Generating an EPUB File in the Browser

I’ve been meaning to blog about a few aspects of how I built my tool Readlists and I finally have the time to do it. So here we go.

Readlists is a purely client-side app, i.e. JavaScript required. That’s something I might change in the future as I dabble in how to host and maintain a website with a server, but for now purely client-side is the way it works (because that’s the way I knew how to build it).

In case you’re not familiar with it, Readlists allows you to create a custom collection of articles from the web and bind them together as an ebook. For those who remember cassettes, I like to say: it’s like a mixtape, but for web articles.

Articles are extracted from the web using the mercury parser into a JSON format I can work with. From there, a collection of these JSON articles can be exported to various formats, including a .epub file for reading in something like iBooks.

I originally planned on having the “Export to EPUB” functionality be a serverless function (hosted on Netlify) because I assumed generating an EPUB from HTML would be work that I could only do on the server. I tried using epub-gen, which is built to work with Node, but quickly found a problem: generating an ebook sometimes took longer than 10 seconds, which (at the time) was the limit for executing a lambda function.

With the self-imposed constraint of this being a purely client-side app with no storage or auth, this became a problem. Netlify’s background functions could work, but then I’d need some form of storage to pass the result to (and then notify the user). And spinning up a server was off the table too.

So the question became: can I offload the work of generating an EPUB to each individual client, i.e. can I generate an EPUB in the browser?

The answer, as you might’ve guessed since I’m writing this blog post, is yes.

Reverse Engineering epub-gen

Given that I had no idea how to make an EPUB, I started by reading the source code of a solution that I already knew worked: the epub-gen library. Its source code is written in coffeescript, which I’m not really familiar with, but I didn’t need to understand the nitty gritty details. I merely needed the high-level understanding of how to make an EPUB and I could figure out how to translate the idea to working JavaScript.

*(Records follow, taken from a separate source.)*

lemma wz_term_0_tail_sums: "(\<lambda>n. wz_term 0 (n + m)) sums (2 * central_ratio m)"
  by (rule telescope_tail_sums) (simp_all add: wz_term_0_left tendsto_mult_right_zero central_ratio_tendsto_0)

lemma wz_tail_le: "wz_tail u m \<le> 2 * central_ratio m"
  using wz_term_le by (rule sums_le[OF _ wz_tail_sums wz_term_0_tail_sums])

lemma wz_tail_ge: "2 * central_ratio m * (1 - real u * (real u + 1) / (3 * (real m + 1))) \<le> wz_tail u m"
proof -
  define h where "h s = 2 * central_ratio s / (3 * (real s + 1))" for s
  have "h \<longlonglongrightarrow> 0"
  proof (rule Lim_null_comparison[OF _ central_ratio_tendsto_0])
    show "\<forall>\<^sub>F s in sequentially. norm (h s) \<le> central_ratio s"
      using central_ratio_pos by (intro always_eventually allI) (simp add: h_def field_simps less_imp_le)
  qed
  moreover have "wz_term 0 s / (real s + 2) = h s - h (Suc s)" for s
    by (simp add: h_def wz_term_def central_ratio_Suc divide_simps) (simp add: algebra_simps)
  ultimately have "(\<lambda>n. wz_term 0 (n + m) / (real (n + m) + 2)) sums h m"
    by (rule telescope_tail_sums)
  then have "(\<lambda>n. wz_term 0 (n + m) - real u * (real u + 1) * (wz_term 0 (n + m) / (real (n + m) + 2)))
      sums (2 * central_ratio m - real u * (real u + 1) * h m)"
    by (intro sums_diff sums_mult wz_term_0_tail_sums)
  moreover have "wz_term 0 s - real u * (real u + 1) * (wz_term 0 s / (real s + 2))
      = wz_term 0 s * (1 - real u * (real u + 1) / (real s + 2))" for s
    by (simp add: algebra_simps)
  ultimately have "(\<lambda>n. wz_term 0 (n + m) * (1 - real u * (real u + 1) / (real (n + m) + 2)))
      sums (2 * central_ratio m * (1 - real u * (real u + 1) / (3 * (real m + 1))))"
    by (simp add: h_def algebra_simps)
  from sums_le[OF _ this wz_tail_sums] show ?thesis
    using wz_term_lower by blast
qed

section \<open>Taylor coefficients of cosh\<close>

definition cosh_coeff :: "real \<Rightarrow> nat \<Rightarrow> real" where
  "cosh_coeff x u = x ^ (2 * u) / fact (2 * u)"

lemma cosh_coeff_nonneg: "0 \<le> cosh_coeff x u"
  by (simp add: cosh_coeff_def power_mult)

lemma cosh_coeff_sums: "cosh_coeff x sums cosh x" for x :: real
proof -
  have "(\<lambda>n. if even n then x ^ n /\<^sub>R fact n else 0) sums cosh x"
    by (rule cosh_converges)
  then have "(\<lambda>n. (\<lambda>n. if even n then x ^ n /\<^sub>R fact n else 0) (2 * n)) sums cosh x"
    by (subst sums_mono_reindex) (auto simp: strict_mono_def elim!: evenE)
  then show ?thesis
    unfolding cosh_coeff_def[abs_def] by (simp add: divide_inverse mult_ac)
qed

lemma sinh_div_sums:
  fixes x :: real
  assumes "x \<noteq> 0"
  shows "(\<lambda>u. cosh_coeff x u / (2 * real u + 1)) sums (sinh x / x)"
proof -
  have "(\<lambda>n. if even n then 0 else x ^ n /\<^sub>R fact n) sums sinh x"
    by (rule sinh_converges)
  then have "(\<lambda>n. (\<lambda>n. if even n then 0 else x ^ n /\<^sub>R fact n) (2 * n + 1)) sums sinh x"
    by (subst sums_mono_reindex) (auto simp: strict_mono_def elim!: oddE)
  then have "(\<lambda>n. x ^ (2 * n + 1) / fact (2 * n + 1) / x) sums (sinh x / x)"
    by (intro sums_divide) (simp add: divide_inverse_commute)
  moreover have "x ^ (2 * n + 1) / fact (2 * n + 1) / x = cosh_coeff x n / (2 * real n + 1)" for n
  proof -
    have "fact (2 * n + 1) = (2 * real n + 1) * (fact (2 * n) :: real)"
      by (simp add: algebra_simps)
    then show ?thesis
      using assms by (simp add: cosh_coeff_def)
  qed
  ultimately show ?thesis
    by simp
qed

lemma cosh_coeff_Suc:
  "cosh_coeff x (Suc u) = x\<^sup>2 * cosh_coeff x u / ((2 * real u + 2) * (2 * real u + 1))"
  by (simp add: cosh_coeff_def power_add power2_eq_square algebra_simps)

I made a couple EPUB files with epub-gen and then started working backwards, synthesizing what I found in the tool’s output with what I was reading in the source code. As questions arose, I went to Google looking for answers. This resulted in a few invaluable resources which I left open as browser tabs to continually reference as I tried to get the whole thing working, including:

After soaking in all these details, I was able to pin down all the files and metadata I’d need to create a basic EPUB. It all seemed relatively feasible, as it was essentially just creating a bunch of template literal functions that would return EPUB 3 XML for things like table of contents, chapters, book metadata, etc.

The tricky part became: how do I take all these individual strings of XML and package them up into a book? In my discovery work I found that EPUB files are just ZIP files with XML and images inside. So the question became: can you create a ZIP file in the browser?

ZIP Files in the Browser

Turns out, you can create a ZIP file in the browser thanks to JSZip. You create individual files by path and then collate them into a ZIP file. For an EPUB, this was the skeleton I would need for each EPUB:

  000.xhtml // chapter 1
  001.xhtml // chapter 2
  002.xhtml // chapter 3
    0000-1111-2222-[...].png // each file needs a unique name

Given all this research work, I knew I could come up with all the ingredients to bake an EPUB cake in the browser. Given a collection of articles from the web in JSON format from the mercury parser, the recipe for when a user clicked the button “Export to Epub” looked like this:

You can see the working code for creating an EPUB in the browser in my Readlists repo. It’s messy, but it works (most of the time).

Final Reflections

There were more hiccups in this process than described here. I vented about some of them on Twitter which actually turned out to be useful as I got feedback from some of the peeps who created the OG Readlists on how they did it.

In the end, I was quite surprised at being able to do all of this in the browser. Modern browsers are pretty damn capable. Granted, older browser will fail miserably at all of this — hence the value of the server/client model. I think that’ll be v2 of Readlists someday, to bring in a lean client and do most of this on the server.

Also I feel like maybe the web should steal Apple’s old marketing campaign “There’s an App for that” and re-purpose it to “There’s a JS lib for that.”